As I reached my front door, I felt a hand yank on my arm.

"You can't be serious, Alice. You can't tell me that you never want to speak to me again. You and I both know that that would be a mistake. I can't go a day without thinking about you. And I'm not going to leave you alone. I can't leave you alone, even if I tried. I know I haven't even known you for long, but I think I might be falling in love with you. You don't treat me like I'm a pop star; you treat me like the normal person that I am. You see the real me, and ignore the things that are said about me. You may not like all the attention, but we could work to fix that. And really, all I'm saying is that I want you to be mine. I would like you to be my girlfriend. I want you, and I know you are probably going to say no but,"

At first, I was angry with him for coming after me and attracting all of the paps over here. They won't leave anytime soon. But soon after he said all that, I ignored everything else in the world. I didn't think about anything besides him; and at that moment, nothing mattered. I pulled him in closer to me and I kissed him. It was a perfect moment. And his lips felt great against mine.

"So I'm going to take that as a yes."

And I nodded saying "yes, Louis I will be your girlfriend."

And his smile at that moment was the most beautiful thing in the world. He looked amazing, and I just loved looking at him.

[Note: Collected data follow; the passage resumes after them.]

(* Let $T=\mathbf R[[x,y,z,w]]/(x^2+y^2)$ and let $R$ be an N-subring of $T$. Let $\omega,h\in T$ be such that the image of $\omega+zh$ in $T/(x,y)T$ is transcendental over the image of $R$ in $T/(x,y)T$. Then there is a subset $\Psi\subseteq\mathbf R$ with $|\Psi|\le|R|$ such that for every $u\in\mathbf R\setminus\Psi$, the image of $\omega+zh$ in $T/(x,y,z+uw)T$ is transcendental over $R/((x,y,z+uw)T\cap R)$.
   Context: $T=\mathbf R[[x,y,z,w]]/(x^2+y^2)$ with maximal ideal $\mathfrak m$; $x,y,z,w$ also denote their images in $T$. An N-subring of $T$ is a quasi-local unique factorization domain $(R,\mathfrak m\cap R)$ contained in $T$ with $|R|<|\mathbf R|$ such that whenever $t\in T$ is nonzero and $P\in\operatorname{Ass}(T/tT)$, $\operatorname{ht}(P\cap R)\le1$. *)

theory Defs
  imports "HOL-Algebra.Algebra" "HOL-Algebra.Finite_Extensions"
          "HOL-Computational_Algebra.Formal_Power_Series" "HOL-Library.Extended_Nat"
begin

section \<open>The ring R[[x,y,z,w]] realised as the iterated power series ring R[[x]][[y]][[z]][[w]]\<close>

type_synonym ps4 = "real fps fps fps fps"

definition PS :: "ps4 ring" where
  "PS = \<lparr>carrier = UNIV, monoid.mult = (*), one = 1, ring.zero = 0, ring.add = (+)\<rparr>"

definition vw :: ps4 where "vw = fps_X"
definition vz :: ps4 where "vz = fps_const fps_X"
definition vy :: ps4 where "vy = fps_const (fps_const fps_X)"
definition vx :: ps4 where "vx = fps_const (fps_const (fps_const fps_X))"

definition cst :: "real \<Rightarrow> ps4" where
  "cst c = fps_const (fps_const (fps_const (fps_const c)))"

definition I0 :: "ps4 set" where
  "I0 = genideal PS {vx * vx + vy * vy}"

definition T :: "ps4 set ring" where
  "T = PS Quot I0"

definition cls :: "ps4 \<Rightarrow> ps4 set" where
  "cls a = I0 +>\<^bsub>PS\<^esub> a"

definition xT :: "ps4 set" where "xT = cls vx"
definition yT :: "ps4 set" where "yT = cls vy"
definition zT :: "ps4 set" where "zT = cls vz"
definition wT :: "ps4 set" where "wT = cls vw"

definition mT :: "ps4 set set" where
  "mT = genideal T {xT, yT, zT, wT}"

definition height :: "('a, 'b) ring_scheme \<Rightarrow> 'a set \<Rightarrow> enat" where
  "height S P = Sup {enat n | n. \<exists>c :: nat \<Rightarrow> 'a set. c n = P \<and>
       (\<forall>i\<le>n. primeideal (c i) S) \<and> (\<forall>i<n. c i \<subset> c (Suc i))}"

text \<open>Associated primes of the T-module T/tT: primes of the form (tT : a).\<close>
definition Ass_quot :: "('a, 'b) ring_scheme \<Rightarrow> 'a \<Rightarrow> 'a set set" where
  "Ass_quot S t = {P. primeideal P S \<and> (\<exists>a \<in> carrier S.
       P = {r \<in> carrier S. r \<otimes>\<^bsub>S\<^esub> a \<in> cgenideal S t})}"

definition quasi_local :: "('a, 'b) ring_scheme \<Rightarrow> 'a set \<Rightarrow> bool" where
  "quasi_local S M \<longleftrightarrow> maximalideal M S \<and> (\<forall>I. maximalideal I S \<longrightarrow> I = M)"

definition N_subring :: "ps4 set set \<Rightarrow> bool" where
  "N_subring R \<longleftrightarrow>
     subring R T \<and>
     factorial_domain (T\<lparr>carrier := R\<rparr>) \<and>
     quasi_local (T\<lparr>carrier := R\<rparr>) (mT \<inter> R) \<and>
     |R| <o |UNIV :: real set| \<and>
     (\<forall>t \<in> carrier T. t \<noteq> \<zero>\<^bsub>T\<^esub> \<longrightarrow>
        (\<forall>P \<in> Ass_quot T t. height (T\<lparr>carrier := R\<rparr>) (P \<inter> R) \<le> 1))"

definition img :: "ps4 set set \<Rightarrow> ps4 set set \<Rightarrow> ps4 set set set" where
  "img J S = (\<lambda>a. J +>\<^bsub>T\<^esub> a) ` S"

definition Jxy :: "ps4 set set" where
  "Jxy = genideal T {xT, yT}"

definition Jxyzu :: "real \<Rightarrow> ps4 set set" where
  "Jxyzu u = genideal T {xT, yT, zT \<oplus>\<^bsub>T\<^esub> (cls (cst u) \<otimes>\<^bsub>T\<^esub> wT)}"

end

theory Submission
  imports Defs
begin

(* Put f = \<omega> + z h, J = (x, y) and J_u = (x, y, z + u w) for real u, so J \<subseteq> J_u.
   A polynomial relation of f over R modulo J_u comes from two polynomials q1, q2 over R
   with d = q1(f) - q2(f) \<in> J_u.  If d also lies in J, transcendence of f modulo J forces q1
   and q2 to agree modulo J, hence modulo J_u, so the relation is trivial.  Thus it suffices
   to exclude the u with d \<in> J_u for some difference d \<notin> J; there are at most |R| such
   differences, and each lies in only finitely many J_u.  Setting x = y = 0 in real power series gives
   a ring map ev onto \<real>[[z]][[w]] with kernel (x, y); it kills x^2 + y^2, so it is defined on
   T, and it maps J_u into the multiples of z + u w.  A nonzero series is a multiple of
   z + u w only if it vanishes at z = -u w, which for a fixed homogeneous component is a
   nonzero polynomial equation in u; so only finitely many u qualify. *)

unbundle fps_syntax

lemma cring_PS: "cring PS"
proof -
  have "\<exists>y. x + y = 0" for x :: ps4
    using add.right_inverse by blast
  then show ?thesis
    unfolding PS_def by unfold_locales (auto simp: algebra_simps Units_def)
qed

interpretation PSr: cring PS by (rule cring_PS)

lemma PS_simps [simp]:
  "carrier PS = UNIV" "x \<otimes>\<^bsub>PS\<^esub> y = x * y" "x \<oplus>\<^bsub>PS\<^esub> y = x + y"
  "\<one>\<^bsub>PS\<^esub> = 1" "\<zero>\<^bsub>PS\<^esub> = 0"
  by (auto simp: PS_def)

lemma PS_minus [simp]: "\<ominus>\<^bsub>PS\<^esub> x = - x"
  using PSr.minus_equality[of "- x" x] by simp

lemma ideal_I0: "ideal I0 PS"
  unfolding I0_def by (rule PSr.genideal_ideal) simp

lemma I0_eq: "I0 = {c * (vx * vx + vy * vy) | c. True}"
  unfolding I0_def PSr.cgenideal_eq_genideal[symmetric, simplified] cgenideal_def by simp

lemma cring_T: "cring T"
  unfolding T_def by (rule ideal.quotient_is_cring[OF ideal_I0 cring_PS])

interpretation Tr: cring T by (rule cring_T)

lemma carrier_T: "carrier T = range cls"
  unfolding T_def FactRing_def A_RCOSETS_def' cls_def by auto

lemma cls_hom: "cls \<in> ring_hom PS T"
  unfolding T_def cls_def[abs_def] using ideal.rcos_ring_hom[OF ideal_I0] .

lemma cls_simps [simp]:
  "cls (a * b) = cls a \<otimes>\<^bsub>T\<^esub> cls b" "cls (a + b) = cls a \<oplus>\<^bsub>T\<^esub> cls b"
  "cls 1 = \<one>\<^bsub>T\<^esub>" "cls 0 = \<zero>\<^bsub>T\<^esub>" "cls a \<in> carrier T"
  using ring_hom_mult[OF cls_hom, of a b] ring_hom_add[OF cls_hom, of a b]
    ring_hom_one[OF cls_hom] ring_hom_zero[OF cls_hom PSr.ring_axioms Tr.ring_axioms]
    carrier_T by auto

lemma cls_uminus [simp]: "\<ominus>\<^bsub>T\<^esub> cls a = cls (- a)"
  by (rule Tr.minus_equality) (simp_all flip: cls_simps(2,4))

lemma cls_eq_iff: "cls a = cls b \<longleftrightarrow> a - b \<in> I0"
  using PSr.quotient_eq_iff_same_a_r_cos[OF ideal_I0, of a b]
  by (simp add: cls_def a_minus_def)

lemma gens_carrier [simp]: "xT \<in> carrier T" "yT \<in> carrier T" "zT \<in> carrier T" "wT \<in> carrier T"
  by (simp_all add: xT_def yT_def zT_def wT_def)

section \<open>Evaluation at x = y = 0\<close>

text \<open>ev a is the series a(0, 0, z, w), an element of R[[z]][[w]]: its coefficient of
  w^j z^i is the coefficient of w^j z^i x^0 y^0 in a.\<close>
definition ev :: "ps4 \<Rightarrow> real fps fps" where
  "ev a = Abs_fps (\<lambda>j. Abs_fps (\<lambda>i. a $ j $ i $ 0 $ 0))"

lemma ev_nth [simp]: "ev a $ j $ i = a $ j $ i $ 0 $ 0"
  by (simp add: ev_def)

lemma ev_add [simp]: "ev (a + b) = ev a + ev b"
  and ev_uminus [simp]: "ev (- a) = - ev a"
  and ev_diff [simp]: "ev (a - b) = ev a - ev b"
  and ev_mult [simp]: "ev (a * b) = ev a * ev b"
  and ev_one [simp]: "ev 1 = 1"
  and ev_zero [simp]: "ev 0 = 0"
  by (rule fps_ext, rule fps_ext, simp add: fps_mult_nth fps_sum_nth fps_one_nth)+

lemma ev_of_nat [simp]: "ev (of_nat n) = of_nat n"
  by (induct n) simp_all

lemma ev_vars [simp]:
  "ev vx = 0" "ev vy = 0" "ev vz = fps_const fps_X" "ev vw = fps_X"
  "ev (cst u) = fps_const (fps_const u)"
  by (rule fps_ext, rule fps_ext, simp add: vx_def vy_def vz_def vw_def cst_def fps_X_def)+

text \<open>ev kills x^2 + y^2, hence is well defined on T.\<close>
lemma ev_cls_eq: "cls a = cls b \<Longrightarrow> ev a = ev b"
  by (auto simp: cls_eq_iff I0_eq dest!: arg_cong[where f = ev])

text \<open>A bivariate series without constant term lies in the ideal of its two variables.\<close>
lemma fps2_no_constant_decomp:
  fixes c :: "'a::comm_ring_1 fps fps"
  assumes "c $ 0 $ 0 = 0"
  shows "fps_const (fps_X * fps_shift 1 (c $ 0)) + fps_X * fps_shift 1 c = c"
proof (rule fps_ext)
  have "fps_X * fps_shift 1 (c $ 0) = c $ 0"
    using assms by (intro fps_ext) simp
  then show "(fps_const (fps_X * fps_shift 1 (c $ 0)) + fps_X * fps_shift 1 c) $ n = c $ n" for n
    by simp
qed

lemma ev_kernel:
  assumes "ev b = 0" obtains b1 b2 where "b = vx * b1 + vy * b2"
proof
  define b1 :: ps4 where
    "b1 = Abs_fps (\<lambda>j. Abs_fps (\<lambda>i. fps_const (fps_shift 1 (b $ j $ i $ 0))))"
  define b2 :: ps4 where "b2 = Abs_fps (\<lambda>j. Abs_fps (\<lambda>i. fps_shift 1 (b $ j $ i)))"
  have "b $ j $ i $ 0 $ 0 = 0" for j i
    using assms by (metis ev_nth fps_zero_nth)
  then show "b = vx * b1 + vy * b2"
    by (intro fps_ext) (simp add: vx_def vy_def b1_def b2_def fps2_no_constant_decomp
        flip: fps_const_mult)
qed

section \<open>Divisibility by the linear form z + u w\<close>

text \<open>lin u = z + u w in K[[z]][[w]] (inner variable z, outer variable w).\<close>
definition lin :: "'a::comm_ring_1 \<Rightarrow> 'a fps fps" where
  "lin u = fps_const fps_X + fps_const (fps_const u) * fps_X"

lemma lin_mult_nth:
  "(lin u * h) $ j $ i =
     (if i = 0 then 0 else h $ j $ (i - 1)) + u * (if j = 0 then 0 else h $ (j - 1) $ i)"
proof -
  have "lin u * h = fps_const fps_X * h + fps_const (fps_const u) * (fps_X * h)"
    by (simp add: lin_def algebra_simps)
  then show ?thesis by simp
qed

Now that I think back to it, I'm a bit glad that he came after me. Now, I will forever have this moment documented. I mean, don't get me wrong I still don't like any of the "perks" that come with knowing Louis, but my love for him is far greater than anything else. I would go to the moon and back for him.

And the thing is, I've learned that people are always going to be saying things about me changing, but as long as I know that I'm still me, I'm going to be fine. The only thing that has changed about me is my relationship status; and even then, it's like things didn't change much. I'm dating someone who soon became my best friend. He's everything I could ever ask for.